If the AUC-ROC is bigger than 0.5, it means that the model is better than random guessing.




In [85]:
import csv
import pandas as pd
import numpy as np
import sys, os

import warnings 
warnings.filterwarnings('ignore')

from sklearn.model_selection import train_test_split
from sklearn.utils import shuffle

from lib.utils import trace_processing
from lib.visualization import data_visualization
from lib.analysis import trace_statistics
from lib.analysis import trace_classification


Let us start importing 2 sets of experiments:
1. *9 nodes* examples containing grids and random topologies;
2. *16 nodes* examples containing grids and random topologies.

In [86]:
exp_9_nodes = trace_processing.import_trace('data/experiments/cooja3-9nodes/traces/', 'traces.csv')
exp_16_nodes = trace_processing.import_trace('data/experiments/cooja3-16nodes/traces/', 'traces.csv')

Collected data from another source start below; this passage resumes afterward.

(* Let $f(n)$ be the number of permutations $\pi\in\mathfrak S_n$ all of whose valleys are even and all of whose peaks are odd (with $f(0)=1$), and let $F(x)=\sum_{n\ge0} f(n)\,x^n/n!$. Then \[ F(x)=\frac{3\sin\left(\tfrac{1}{2}x\right)+3\cosh\left(\tfrac{1}{2}\sqrt{3}x\right)}{3\cos\left(\tfrac{1}{2}x\right)-\sqrt{3}\sinh\left(\tfrac{1}{2}\sqrt{3}x\right)}. \]
   Context: $\mathfrak S_n$ is the set of permutations $\pi=\pi_1\pi_2\cdots\pi_n$ of $[n]=\{1,\dots,n\}$. An index $i$ with $2\le i\le n-1$ is a peak of $\pi$ if $\pi_{i-1}<\pi_i>\pi_{i+1}$ and a valley of $\pi$ if $\pi_{i-1}>\pi_i<\pi_{i+1}$. "All valleys even and all peaks odd" means every valley index is an even integer and every peak index is an odd integer. *)

theory Defs
  imports "HOL-Combinatorics.Multiset_Permutations" "HOL-Computational_Algebra.Formal_Power_Series"
begin

text \<open>Permutations of [n] are represented as lists p in permutations_of_set {1..n};
  the paper's entry pi_i (1-based) is p ! (i - 1).\<close>

definition is_peak :: "nat list \<Rightarrow> nat \<Rightarrow> bool" where
  "is_peak p i \<longleftrightarrow> 2 \<le> i \<and> i \<le> length p - 1 \<and>
     p ! (i - 2) < p ! (i - 1) \<and> p ! (i - 1) > p ! i"

definition is_valley :: "nat list \<Rightarrow> nat \<Rightarrow> bool" where
  "is_valley p i \<longleftrightarrow> 2 \<le> i \<and> i \<le> length p - 1 \<and>
     p ! (i - 2) > p ! (i - 1) \<and> p ! (i - 1) < p ! i"

definition f_count :: "nat \<Rightarrow> nat" where
  "f_count n = card {p \<in> permutations_of_set {1..n}.
      (\<forall>i. is_valley p i \<longrightarrow> even i) \<and> (\<forall>i. is_peak p i \<longrightarrow> odd i)}"

definition fps_cosh :: "real \<Rightarrow> real fps" where
  "fps_cosh c = fps_const (1/2) * (fps_exp c + fps_exp (- c))"

definition fps_sinh :: "real \<Rightarrow> real fps" where
  "fps_sinh c = fps_const (1/2) * (fps_exp c - fps_exp (- c))"

end

theory Submission
  imports Defs "HOL-Library.Extended_Nat"
begin

(*
  Proof idea.  Decompose a permutation around its maximal entry and solve the resulting
  convolution recurrences with exponential generating functions.

  A word p of distinct numbers is admissible with
  frame (a,b) and shift s if, after placing an infinite sentinel to the left of p (when a)
  and/or to the right of p (when b), every valley of p sits at a position i with s + i even
  and every peak at a position with s + i odd.  The theorem counts the admissible
  permutations with a = b = False and s = 0.  Cutting p = l1 @ m # l2 at its maximum m gives
  admissible words with frames (a,True) and (True,b), which yields the recurrence adm_num for
  the counts (card_admissible); they depend only on a, b and the parity q of s.

  Explicit series egf a b q, quotients built from
  cos(x/2), sin(x/2), cosh(sqrt 3 x/2) and sinh(sqrt 3 x/2), satisfy the differential system
  that encodes the recurrence; this reduces to six polynomial identities, and the even and odd
  parts it involves are computed with the reflection x -> -x.  Comparing coefficients gives
  egf a b q = EGF of adm_num a b q (egf_nth), and egf False False False is the closed form.
*)

section \<open>Parity conditions on local extrema of a word\<close>

definition extremum_ok :: "nat \<Rightarrow> 'a::linorder \<Rightarrow> 'a \<Rightarrow> 'a \<Rightarrow> bool" where
  "extremum_ok j l x r \<longleftrightarrow> ((x < l \<and> x < r) \<longrightarrow> even j) \<and> ((l < x \<and> r < x) \<longrightarrow> odd j)"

experiments = exp_9_nodes + exp_16_nodes

# Experiment 1: Attacked vs Normal Behaviour

Now we import *features* and *normalize* the data to speedup the learning process. For this experiment, we consider just two classes:
1. **Normal** behaviour (0) meaning that the entire network is not under attack;
2. **Attacked** (1), i.e. an attack has been performed (Black Hole or Gray Hole).

In [87]:
data = None
n_classes = 2

for experiment in experiments:
    label = 0
    topology = experiment[0].split('/')[2].split('cooja3-')[1]
    experiment_id = topology + '/' + experiment[1]
    
    if n_classes == 2:
        # Assign a label
        if experiment[1].find('gh') >= 0 or experiment[1].find('bh') >= 0:
            label = 1
    else:
        # Assign a label
        if experiment[1].find('gh') >= 0:
            label = 1
        elif experiment[1].find('bh') >= 0:
            label = 2
    nodes, packets_node = trace_processing.process_cooja_traces(experiment[0], experiment[1])
    
    if data is None:
        data = trace_processing.feature_extraction(nodes, packets_node, label, experiment_id, log_transform=True, window_size=48)    
    else:
        data = pd.concat([data, trace_processing.feature_extraction(nodes, packets_node, label, experiment_id, log_transform=True, window_size=48)])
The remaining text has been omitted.